I cannot get Postgres to make good use of plenty of available RAM and
stop thrashing the disks.
One main table. ~30 million rows, 20 columns all integer, smallint or
char(2). Most have an index. It's a table for holding webserver
logs. The main table is all foreign key ids. Row size is ~100bytes.
The typical query is an aggregate over a large number of rows (~25% say).
SELECT COUNT(*), COUNT(DISTINCT user_id)
FROM table
WHERE epoch > ...
AND epoch < ...
AND country = ...
The box has 4 x Opterons, 4Gb RAM & five 15k rpm disks, RAID 5. We
wanted fast query/lookup. We know we can get fast disk IO.
Running a typical query like above seems to:
* hardly tax a single CPU
* plenty of RAM free
* disks thrash about
The last is based mostly on the observation that another tiddly
unrelated mysql db which normally runs fast, grinds to a halt when
we're querying the postgres db (and cpu, memory appear to have spare
capacity).
We've currently got these settings, and have tried doubling/halving
them, restarted and benchmarked a test query.

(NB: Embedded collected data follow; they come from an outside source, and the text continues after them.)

lemma split_graph_has_k_dense_or_k_sparse_set:
  assumes split: "split_graph V E" and card_V: "card V = k + 5 + 3 * s"
  shows "(\<exists>S. k_dense_set V E k (k + 3 + s) S) \<or> (\<exists>S. k_sparse_set V E k (k + 3 + s) S)"
proof (rule ccontr)
  let ?i = "k + 3 + s"
  assume "\<not> ?thesis"
  then have no_dense: "\<nexists>S. k_dense_set V E k ?i S"
    and no_sparse: "\<nexists>S. k_sparse_set V E k ?i S" by auto
  from split obtain C I where graph: "simple_graph V E"
    and part: "C \<union> I = V" "C \<inter> I = {}"
    and clique: "\<forall>u\<in>C. \<forall>v\<in>C. u \<noteq> v \<longrightarrow> E u v"
    and indep: "\<forall>u\<in>I. \<forall>v\<in>I. \<not> E u v"
    unfolding split_graph_def by blast
  have fin: "finite C" "finite I"
    using graph part(1) unfolding simple_graph_def by auto
  have card_CI: "card C + card I = k + 5 + 3 * s"
    using card_Un_disjoint[OF fin part(2)] part(1) card_V by simp
  have "card C < ?i"
    using card_clique_lt_if_no_k_dense_set[OF _ clique no_dense] part(1) by blast
  moreover have "card I < ?i"
    using card_independent_lt_if_no_k_sparse_set[OF _ indep no_sparse] part(1) by blast
  ultimately have card_bounds: "card I \<le> ?i" "?i \<le> card I + k" "card C \<le> ?i" "?i \<le> card C + k"
    using card_CI by linarith+
  define A where "A = {x\<in>C. card {y\<in>I. \<not> E x y} \<le> s + 1}"
  define B where "B = {y\<in>I. card {x\<in>C. E x y} \<le> s + 1}"
  have "card C + card I < ?i + card A"
    unfolding A_def
    by (rule card_vertices_with_few_non_neighbours_in_independent_set
        [OF graph part indep no_sparse card_bounds(1,2)]) simp
  moreover have "card I + card C < ?i + card B"
  proof -
    have "{x\<in>C. \<not> compl_edges E y x} = {x\<in>C. E x y}" if "y \<in> I" for y
      using that part graph unfolding compl_edges_def simple_graph_def by blast
    then have "B = {y\<in>I. card {x\<in>C. \<not> compl_edges E y x} \<le> s + 1}"
      unfolding B_def by auto
    \<comment> \<open>In the complement \<open>C\<close> is independent and non-neighbours become neighbours.\<close>
    also have "card I + card C < ?i + card \<dots>"
      by (rule card_vertices_with_few_non_neighbours_in_independent_set
          [OF simple_graph_compl_edges[OF graph]])
        (use part clique no_dense card_bounds(3,4) in \<open>auto simp: compl_edges_def k_dense_set_def\<close>)
    finally show ?thesis .
  qed
  ultimately have "2 * s + 3 \<le> card A" "2 * s + 3 \<le> card B"
    using card_CI by linarith+
  moreover have "finite A" "finite B" using fin unfolding A_def B_def by auto
  moreover have "card {x\<in>A. E x y} \<le> s + 1" if "y \<in> B" for y
  proof -
    have "card {x\<in>A. E x y} \<le> card {x\<in>C. E x y}"
      using fin(1) unfolding A_def by (intro card_mono) auto
    then show ?thesis using that unfolding B_def by simp
  qed
  moreover have "card {y\<in>B. \<not> E x y} \<le> s + 1" if "x \<in> A" for x
  proof -
    have "card {y\<in>B. \<not> E x y} \<le> card {y\<in>I. \<not> E x y}"
      using fin(2) unfolding B_def by (intro card_mono) auto
    then show ?thesis using that unfolding A_def by simp
  qed
  ultimately have "2 * s + 3 \<le> 2 * (s + 1)"
    using le_twice_of_bipartite_degree_bounds[of A B "2 * s + 3" E "s + 1"] by blast
  then show False by simp
qed
lemma shift_op2_kernel_op_gbinomial_top:
  fixes c b :: "'a::field_char_0"
  assumes "q1 + q2 = 2 * m"
  shows "shift_op2 (kernel_op m) (\<lambda>e x. ((c + of_int e) gchoose q1) * ((b + of_int x) gchoose q2)) 0 0 =
    - (3 ^ m * (if m \<le> q1 then (-1) ^ (q1 - m) * of_nat (m choose (q1 - m)) else 0))"
proof -
  let ?v = "(if m \<le> q1 then (-1) ^ (q1 - m) * of_nat (m choose (q1 - m)) else 0) :: 'a"
  have "shift_op2 ((1 - opX) ^ m * (opX - opY) ^ m)
      (\<lambda>e x. ((c + of_int e) gchoose q1) * ((b + of_int x) gchoose q2)) e x =
      (\<Sum>s\<le>m. if s = q1 - m \<and> m \<le> q1 then (-1) ^ (q1 - m) * of_nat (m choose (q1 - m)) else 0)" for e x
    unfolding shift_op2_difference_core_gbinomial using assms
    by (intro sum.cong refl) auto
  also have "\<dots> = ?v"
    using assms by (auto simp: sum.delta')
  finally have core: "shift_op2 ((1 - opX) ^ m * (opX - opY) ^ m)
      (\<lambda>e x. ((c + of_int e) gchoose q1) * ((b + of_int x) gchoose q2)) e x = ?v" for e x .
  have "shift_op2 (kernel_op m) (\<lambda>e x. ((c + of_int e) gchoose q1) * ((b + of_int x) gchoose q2)) 0 0 =
      shift_op2 (- opY * (1 + opX + opY) ^ m) (\<lambda>e x. ?v) 0 0"
    unfolding kernel_op_split shift_op2_mult[of "- opY * (1 + opX + opY) ^ m"] core ..
  also have "\<dots> = - (3 ^ m * ?v)"
    by (simp only: shift_op2_minus shift_op2_mult shift_op2_opY shift_op2_trinomial_power_const)
  finally show ?thesis by simp
qed

section \<open>Partial fractions\<close>

lemma sum_alternating_binomial_div_Suc:
  fixes z :: "'a::field_char_0"
  shows "(\<Sum>r\<le>Suc n. (-1) ^ r * of_nat (Suc n choose r) / (z + of_nat r)) =
    (\<Sum>r\<le>n. (-1) ^ r * of_nat (n choose r) / (z + of_nat r)) -
    (\<Sum>r\<le>n. (-1) ^ r * of_nat (n choose r) / (z + 1 + of_nat r))"
proof -
  have "(\<Sum>r\<le>n. (-1) ^ r * of_nat (n choose r) / (z + of_nat r)) =
      (\<Sum>r\<le>Suc n. (-1) ^ r * of_nat (n choose r) / (z + of_nat r))"
    by simp
  also have "\<dots> = 1 / z + (\<Sum>r\<le>n. (-1) ^ Suc r * of_nat (n choose Suc r) / (z + 1 + of_nat r))"
    by (subst sum.atMost_Suc_shift) (simp add: algebra_simps)
  finally have shift: "(\<Sum>r\<le>n. (-1) ^ r * of_nat (n choose r) / (z + of_nat r)) =
      1 / z + (\<Sum>r\<le>n. (-1) ^ Suc r * of_nat (n choose Suc r) / (z + 1 + of_nat r))" .
  have "(\<Sum>r\<le>Suc n. (-1) ^ r * of_nat (Suc n choose r) / (z + of_nat r)) =
      1 / z + (\<Sum>r\<le>n. (-1) ^ Suc r * of_nat (Suc n choose Suc r) / (z + of_nat (Suc r)))"
    by (subst sum.atMost_Suc_shift) simp
  also have "\<dots> = 1 / z + (\<Sum>r\<le>n. (-1) ^ Suc r * of_nat (n choose Suc r) / (z + 1 + of_nat r)) -
      (\<Sum>r\<le>n. (-1) ^ r * of_nat (n choose r) / (z + 1 + of_nat r))"
    by (simp add: sum_subtractf[symmetric] sum.distrib[symmetric] algebra_simps add_divide_distrib
        diff_divide_distrib)
  finally show ?thesis
    unfolding shift .
qed

lemma sum_alternating_binomial_div:
  fixes z :: "'a::field_char_0"
  assumes "pochhammer z (Suc n) \<noteq> 0"
  shows "(\<Sum>r\<le>n. (-1) ^ r * of_nat (n choose r) / (z + of_nat r)) = fact n / pochhammer z (Suc n)"
  using assms
proof (induction n arbitrary: z)
  case 0
  then show ?case by simp
next
  case (Suc n)
  have p1: "pochhammer z (Suc (Suc n)) = pochhammer z (Suc n) * (z + of_nat (Suc n))"
    by (rule pochhammer_Suc)
  have p2: "pochhammer z (Suc (Suc n)) = z * pochhammer (z + 1) (Suc n)"
    by (rule pochhammer_rec)
  have "pochhammer z (Suc n) * (z + of_nat (Suc n)) \<noteq> 0" "z * pochhammer (z + 1) (Suc n) \<noteq> 0"
    using Suc.prems by (metis p1, metis p2)
  then have nz: "pochhammer z (Suc n) \<noteq> 0" "z + of_nat (Suc n) \<noteq> 0"
    "z \<noteq> 0" "pochhammer (z + 1) (Suc n) \<noteq> 0"
    by auto
  have "(\<Sum>r\<le>Suc n. (-1) ^ r * of_nat (Suc n choose r) / (z + of_nat r)) =
      fact n / pochhammer z (Suc n) - fact n / pochhammer (z + 1) (Suc n)"
    unfolding sum_alternating_binomial_div_Suc using Suc.IH[of z] Suc.IH[of "z + 1"] nz by simp
  also have "\<dots> = (fact n * (z + of_nat (Suc n)) - fact n * z) / pochhammer z (Suc (Suc n))"
  proof -
    have "fact n / pochhammer z (Suc n) = fact n * (z + of_nat (Suc n)) / pochhammer z (Suc (Suc n))"
      unfolding p1 using nz by simp
    moreover have "fact n / pochhammer (z + 1) (Suc n) = fact n * z / pochhammer z (Suc (Suc n))"
      unfolding p2 using nz by simp
    ultimately show ?thesis
      by (simp only: diff_divide_distrib)
  qed
  also have "\<dots> = fact (Suc n) / pochhammer z (Suc (Suc n))"
    by (simp add: algebra_simps)
  finally show ?case .
qed

lemma pochhammer_of_nat_neq_0: "0 < j \<Longrightarrow> pochhammer (of_nat j :: 'a::field_char_0) k \<noteq> 0"
  unfolding pochhammer_of_nat of_nat_eq_0_iff using pochhammer_pos by blast

lemma shift_op2_kernel_op_gbinomial_sum:
  fixes c b :: "'a::field_char_0"
  assumes "M \<le> 2 * m + 1"
  shows "(\<Sum>q<M. 1 / of_nat (q + 1) *
      shift_op2 (kernel_op m) (\<lambda>e x. ((c + of_int e) gchoose q) * ((b + of_int x) gchoose (M - 1 - q))) 0 0) =
    (if M = 2 * m + 1 then - (3 ^ m * fact m / pochhammer (of_nat (m + 1)) (Suc m)) else 0)"
proof (cases "M = 2 * m + 1")
  case False
  have "shift_op2 (kernel_op m)
      (\<lambda>e x. ((c + of_int e) gchoose q) * ((b + of_int x) gchoose (M - 1 - q))) 0 0 = 0"
    if "q < M" for q
    by (rule shift_op2_kernel_op_gbinomial_low) (use False assms that in auto)
  with False show ?thesis
    by simp
next
  case True
  let ?t = "\<lambda>s. 1 / of_nat (s + m + 1) * - (3 ^ m * ((-1) ^ s * of_nat (m choose s))) :: 'a"
  have "(\<Sum>q<M. 1 / of_nat (q + 1) *
      shift_op2 (kernel_op m) (\<lambda>e x. ((c + of_int e) gchoose q) * ((b + of_int x) gchoose (M - 1 - q))) 0 0) =
      (\<Sum>q<2 * m + 1. if m \<le> q then ?t (q - m) else 0)"
    unfolding True
    by (intro sum.cong refl) (simp add: shift_op2_kernel_op_gbinomial_top)
  also have "\<dots> = (\<Sum>q\<in>{m..2 * m}. ?t (q - m))"
    by (rule sum.mono_neutral_cong_right) auto
  also have "\<dots> = (\<Sum>s\<le>m. ?t s)"
    by (rule sum.reindex_bij_witness[where i="\<lambda>s. s + m" and j="\<lambda>q. q - m"]) auto
  also have "\<dots> = - (3 ^ m * (\<Sum>s\<le>m. (-1) ^ s * of_nat (m choose s) / (of_nat (m + 1) + of_nat s)))"
    by (simp add: sum_distrib_left sum_negf[symmetric] algebra_simps)
  also have "\<dots> = - (3 ^ m * fact m / pochhammer (of_nat (m + 1)) (Suc m))"
    using sum_alternating_binomial_div[OF pochhammer_of_nat_neq_0[of "m + 1" "Suc m", where 'a='a]]
    by simp
  finally show ?thesis
    using True by simp
qed

section \<open>The matrix entries as shift operators\<close>

lemma power_one_minus_eq_sum:
  "(1 - x :: 'b::comm_ring_1) ^ q = (\<Sum>r\<le>q. of_nat (q choose r) * ((-1) ^ r * x ^ r))"
proof -
  have "(1 - x) ^ q = (- x + 1) ^ q"
    by simp
  also have "\<dots> = (\<Sum>r\<le>q. of_nat (q choose r) * (- x) ^ r * 1 ^ (q - r))"
    by (rule binomial_ring)
  finally show ?thesis
    by (simp only: power_one mult_1_right power_minus[of x] mult.assoc)
qed

lemma power_one_plus_eq_sum: "(1 + x :: 'b::comm_ring_1) ^ q = (\<Sum>r\<le>q. of_nat (q choose r) * x ^ r)"
  using binomial_ring[of x 1 q] by (simp add: add.commute)

lemma shift_op_one_minus_X_power:
  "shift_op ((1 - pX) ^ q) g y = (\<Sum>r\<le>q. (-1) ^ r * of_nat (q choose r) * g (y + int r))"
  unfolding power_one_minus_eq_sum shift_op_sum
  by (intro sum.cong refl)
    (simp only: shift_op_mult shift_op_of_nat shift_op_neg_one_power shift_op_X_power mult_ac)
(* Every regular normal extremal that is time-optimal for the problem below has at most two switching times, i.e. consists of at most three arcs. Moreover its bang pattern (ordered sequence of arc types) is either $X$ or $X\,Y\,X$; in particular, the only pattern with at least one switching is $XYX$ (global–local–global).
   Context: Fix $\gamma\in(0,\pi/2)$, $s=\sin\gamma$, $c=\cos\gamma$, and $X=\begin{pmatrix}0&s^2&sc\\-s^2&0&0\\-sc&0&0\end{pmatrix}$ (continuous-limit generator of the global Grover operator), $Y=\begin{pmatrix}0&1&0\\-1&0&0\\0&0&0\end{pmatrix}$ (generator of the local Grover operator), acting on $\mathbb R^3$ with standard basis $e_1,e_2,e_3$ and standard inner product. Let $\Sigma=\{\psi:\langle e_3,\psi\rangle=0\}$, $\psi_0=(0,s,c)^\top$. Time-optimal problem: over piecewise constant controls $A:[0,T]\to\{X,Y\}$ with finitely many discontinuities (switching times) and trajectories $\dot\psi=A(t)\psi$, $\psi(0)=\psi_0$, minimize $T$ subject to $\psi(T)\in\Sigma$. Maximal intervals on which $A\equiv X$ (resp. $Y$) are $X$-arcs (resp. $Y$-arcs). A normal extremal is such a trajectory with a nonzero absolutely continuous costate $p$ satisfying $\dot p=-A(t)^\top p$ and, for a.e. $t$, $\langle p,A(t)\psi\rangle-1=\max_{B\in\{X,Y\}}(\langle p,B\psi\rangle-1)$. Let $F_1=X-Y$, $F_2=[X,Y]$, $\phi_1=\langle p,F_1\psi\rangle$ (the switching function), $\phi_2=\langle p,F_2\psi\rangle$. A normal extremal is regular (bang–bang) if $\phi_1$ vanishes only at isolated times and at every switching time $\phi_1=0$ and $\phi_2\neq0$. *)

theory Defs
  imports "HOL-Analysis.Analysis"
begin

text \<open>Vectors are in real^3, matrices in real^3^3 (row i of M is M$i, so M *v x is the usual product).\<close>

definition Xm :: "real \<Rightarrow> real^3^3" where
  "Xm \<gamma> = (let s = sin \<gamma>; c = cos \<gamma> in
     vector [vector [0, s^2, s*c], vector [-(s^2), 0, 0], vector [-(s*c), 0, 0]])"

definition Ym :: "real^3^3" where
  "Ym = vector [vector [0, 1, 0], vector [-1, 0, 0], vector [0, 0, 0]]"
lemma gl_act_eq_0_iff:
  assumes "invertible g"
  shows "gl_act g f = 0 \<longleftrightarrow> f = (0 :: ('n::finite, 'k::comm_ring_1) hpoly)"
proof
  from assms obtain g' where "g' ** g = Finite_Cartesian_Product.mat 1"
    by (auto simp: invertible_def)
  then have "gl_act g' (gl_act g f) = f"
    by (simp add: gl_act_gl_act gl_act_id)
  then show "gl_act g f = 0 \<Longrightarrow> f = 0"
    by simp
qed simp

lemma homog_0: "0 \<in> homog t"
  by (simp add: homog_def)

lemma homog_add: "p \<in> homog t \<Longrightarrow> q \<in> homog t \<Longrightarrow> p + q \<in> (homog t :: ('n::finite, 'k::comm_ring_1) hpoly set)"
  unfolding homog_def using keys_add[of p q] by blast

lemma homog_sum: "(\<And>x. x \<in> A \<Longrightarrow> F x \<in> homog t) \<Longrightarrow> sum F A \<in> (homog t :: ('n::finite, 'k::comm_ring_1) hpoly set)"
  by (induct A rule: infinite_finite_induct) (simp_all add: homog_0 homog_add)

lemma homog_mult: "p \<in> homog s \<Longrightarrow> q \<in> homog t \<Longrightarrow> p * q \<in> (homog (s + t) :: ('n::finite, 'k::comm_ring_1) hpoly set)"
  unfolding homog_def mons_def using keys_mult[of p q] by (fastforce simp: mdeg_add)

lemma homog_hconst: "hconst c \<in> (homog 0 :: ('n::finite, 'k::comm_ring_1) hpoly set)"
  by (simp add: homog_def mons_0 hconst_def)

lemma homog_1: "1 \<in> (homog 0 :: ('n::finite, 'k::comm_ring_1) hpoly set)"
  using homog_hconst[of 1] by simp

lemma homog_hvar: "hvar i \<in> (homog 1 :: ('n::finite, 'k::comm_ring_1) hpoly set)"
  by (simp add: homog_def hvar_def single_in_mons[of i 1, simplified])

lemma homog_power: "p \<in> homog t \<Longrightarrow> p ^ k \<in> (homog (t * k) :: ('n::finite, 'k::comm_ring_1) hpoly set)"
  by (induct k) (simp_all add: homog_1 homog_mult[of p t _ "t * _", simplified])

lemma homog_prod:
  "finite A \<Longrightarrow> (\<And>x. x \<in> A \<Longrightarrow> F x \<in> homog (t x)) \<Longrightarrow> prod F A \<in> (homog (sum t A) :: ('n::finite, 'k::comm_ring_1) hpoly set)"
  by (induct A rule: finite_induct) (simp_all add: homog_1 homog_mult)

lemma homog_gl_var: "gl_var g j \<in> (homog 1 :: ('n::finite, 'k::comm_ring_1) hpoly set)"
  unfolding gl_var_def using homog_mult[OF homog_hconst homog_hvar] by (intro homog_sum) simp

lemma homog_gl_monom: "gl_monom g m \<in> (homog (mdeg m) :: ('n::finite, 'k::comm_ring_1) hpoly set)"
  unfolding gl_monom_def mdeg_def using homog_power[OF homog_gl_var] by (intro homog_prod) simp_all

lemma homog_gl_act:
  assumes "f \<in> homog d"
  shows "gl_act g f \<in> (homog d :: ('n::finite, 'k::comm_ring_1) hpoly set)"
  unfolding gl_act_eq
proof (rule homog_sum)
  fix m assume "m \<in> Poly_Mapping.keys f"
  then have "mdeg m = d"
    using assms by (auto simp: homog_def mons_def)
  then show "hconst (Poly_Mapping.lookup f m) * gl_monom g m \<in> homog d"
    using homog_mult[OF homog_hconst homog_gl_monom, of _ g m] by simp
qed

section \<open>Rescaling of the normalized weights\<close>

lemma hratio_shift:
  fixes f :: "('n::finite, 'k::idom) hpoly"
  assumes f: "f \<in> homog d" "f \<noteq> 0" and g: "invertible g" and b: "b \<in> torus_H"
  shows "hratio d (d + D) f g b = real (card (mons D :: ('n \<Rightarrow>\<^sub>0 nat) set)) * hratio d d f g b"
proof -
  have G: "gl_act g f \<in> homog d" "gl_act g f \<noteq> 0"
    using homog_gl_act[OF f(1)] f(2) gl_act_eq_0_iff[OF g] by auto
  have "sum b UNIV = 0"
    using b by (simp add: torus_H_def)
  note hilb_mu = hilb_mu_eq[OF G this]
  have "hilb_mu d d (gl_act g f) b = Min (wt b ` Poly_Mapping.keys (gl_act g f))"
    using hilb_mu[of 0] by (simp add: mons_0)
  then show ?thesis
    by (simp add: hratio_def hilb_mu)
qed

lemma is_max_value_rescale:
  assumes "q > 0" and "\<And>g b. invertible g \<Longrightarrow> b \<in> torus_H \<Longrightarrow> hratio d t' f g b = q * hratio d t f g b"
  shows "is_max_value d t' f (q * x) \<longleftrightarrow> is_max_value d t f x"
  unfolding is_max_value_def using assms by (simp cong: conj_cong)

lemma is_max_value_shift:
  fixes f :: "('n::finite, 'k::idom) hpoly"
  assumes "f \<in> homog d" "f \<noteq> 0"
  shows "is_max_value d (d + D) f (real (card (mons D :: ('n \<Rightarrow>\<^sub>0 nat) set)) * x) \<longleftrightarrow> is_max_value d d f x"
  using card_mons_pos hratio_shift[OF assms] by (intro is_max_value_rescale) auto

lemma hstratum_shift:
  fixes a :: "'n::finite \<Rightarrow> int"
  assumes a: "a \<in> torus_H"
  shows "(hstratum d (d + D) a (real (card (mons D :: ('n \<Rightarrow>\<^sub>0 nat) set)) * \<delta>) :: ('n, 'k::idom) hpoly set)
    = hstratum d d a \<delta>"
proof (rule Set.set_eqI)
  let ?q = "real (card (mons D :: ('n \<Rightarrow>\<^sub>0 nat) set))"
  have q: "?q > 0"
    using card_mons_pos by simp
  fix f :: "('n, 'k) hpoly"
  show "f \<in> hstratum d (d + D) a (?q * \<delta>) \<longleftrightarrow> f \<in> hstratum d d a \<delta>"
  proof (cases "f \<in> homog d \<and> f \<noteq> 0")
    case True
    then have "hratio d (d + D) f g a = ?q * hratio d d f g a" if "invertible g" for g
      using hratio_shift a that by blast
    then have "(\<exists>g. invertible g \<and> hratio d (d + D) f g a = ?q * \<delta>) \<longleftrightarrow>
        (\<exists>g. invertible g \<and> hratio d d f g a = \<delta>)"
      using q by auto
    then show ?thesis
      using True by (simp add: hstratum_def is_max_value_shift)
  qed (auto simp: hstratum_def)
qed

lemma ex_pos_rescale:
  fixes c :: real
  assumes "c > 0"
  shows "(\<exists>x>0. P (c * x)) \<longleftrightarrow> (\<exists>x>0. P x)"
proof
  assume "\<exists>x>0. P (c * x)"
  then obtain x where "x > 0" "P (c * x)" by blast
  then show "\<exists>x>0. P x"
    using assms by (intro exI[of _ "c * x"]) simp
next
  assume "\<exists>x>0. P x"
  then obtain x where "x > 0" "P x" by blast
  then show "\<exists>x>0. P (c * x)"
    using assms by (intro exI[of _ "x / c"]) simp
qed

lemma hunstable_shift: "(hunstable d (d + D) :: ('n::finite, 'k::idom) hpoly set) = hunstable d d"
proof (rule Set.set_eqI)
  let ?q = "real (card (mons D :: ('n \<Rightarrow>\<^sub>0 nat) set))"
  have q: "?q > 0"
    using card_mons_pos by simp
  fix f :: "('n, 'k) hpoly"
  show "f \<in> hunstable d (d + D) \<longleftrightarrow> f \<in> hunstable d d"
  proof (cases "f \<in> homog d \<and> f \<noteq> 0")
    case True
    then have "(\<exists>x>0. is_max_value d (d + D) f x) \<longleftrightarrow> (\<exists>x>0. is_max_value d d f x)"
      using ex_pos_rescale[OF q, of "is_max_value d (d + D) f"] by (simp add: is_max_value_shift)
    then show ?thesis
      using True by (simp add: hunstable_def)
  qed (auto simp: hunstable_def)
qed

theorem theorem1:
  fixes a :: "'n::finite \<Rightarrow> int" and d D :: nat and \<delta> :: real
  assumes "CARD('n) \<ge> 2"
    and "d \<ge> 1"
    and "a \<in> torus_H" and "indivisible a"
    and "\<delta> > 0"
  shows "(hstratum d (d + D) a (real (card (mons D :: ('n \<Rightarrow>\<^sub>0 nat) set)) * \<delta>)
            :: ('n, 'k::alg_closed_field) hpoly set)
         = hstratum d d a \<delta>
       \<and> (hunstable d (d + D) :: ('n, 'k) hpoly set) = hunstable d d"
  using hstratum_shift[OF assms(3)] hunstable_shift by blast

end
lemma B_repeats_prefix:
  assumes "s \<in> B n c d" "T \<le> n" "\<forall>i<T. tail_agrees d s i"
  shows "repeats_block_on (cyclic_nth s) (\<lambda>m. s ! nat m) (int d) 0 (- int T) (int c + int d - 2)"
  unfolding repeats_block_on_def
proof (intro allI impI)
  note D = B_D[OF assms(1)]
  fix j assume j: "- int T \<le> j" "j \<le> int c + int d - 2"
  show "cyclic_nth s j = s ! nat ((j - 0) mod int d)"
  proof (cases "0 \<le> j")
    case True
    define k where "k = nat j"
    have k: "j = int k" "k < c + d - 1" using True j(2) D(2) unfolding k_def by linarith+
    have "cyclic_nth s j = s ! k" using k D by (simp add: cyclic_nth_of_nat)
    also have "\<dots> = s ! (k mod d)" using B_prefix(1)[OF assms(1) k(2)] .
    finally show ?thesis using k by (simp add: nat_mod_distrib)
  next
    case False
    define i where "i = nat (- 1 - j)"
    have i: "i < T" "j = - 1 - int i" using False j(1) unfolding i_def by auto
    have "cyclic_nth s j = cyclic_nth s (j + 1 * int (length s))"
      by (rule cyclic_nth_add_mult[symmetric])
    also have "j + 1 * int (length s) = int (n - 1 - i)" using i assms(2) D(1) by simp
    also have "cyclic_nth s (int (n - 1 - i)) = s ! (n - 1 - i)"
      by (rule cyclic_nth_of_nat) (use i assms(2) D(1) in simp)
    also have "\<dots> = s ! nat ((int d - 1 - int i) mod int d)"
      using assms(3) i(1) D(1) unfolding tail_agrees_def by simp
    also have "int d - 1 - int i = j + int d" using i(2) by simp
    finally show ?thesis by simp
  qed
qed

They don't appear to
materially alter our query time.
shared_buffers = 128MB
temp_buffers = 160MB
work_mem = 200MB
max_stack_depth = 7MB
We're less concerned about insert speed. Typically 1 or 2 users, but
want fast queries.
Perhaps a little extreme, but I'm trying to find a way to express this
in a way that Postgres understands:
* Load this table, and one or two indexes (epoch, user_id) into RAM.
* All of the table, all of those indexes.
* Keep them there, but keep a disk based backup for integrity.
* Run all selects against the in RAM copy. Always.
Aka, I know we're hitting this table (and a couple of columns) lots
and lots, so just get it into RAM and stop thrashing disks.
Pointers welcome.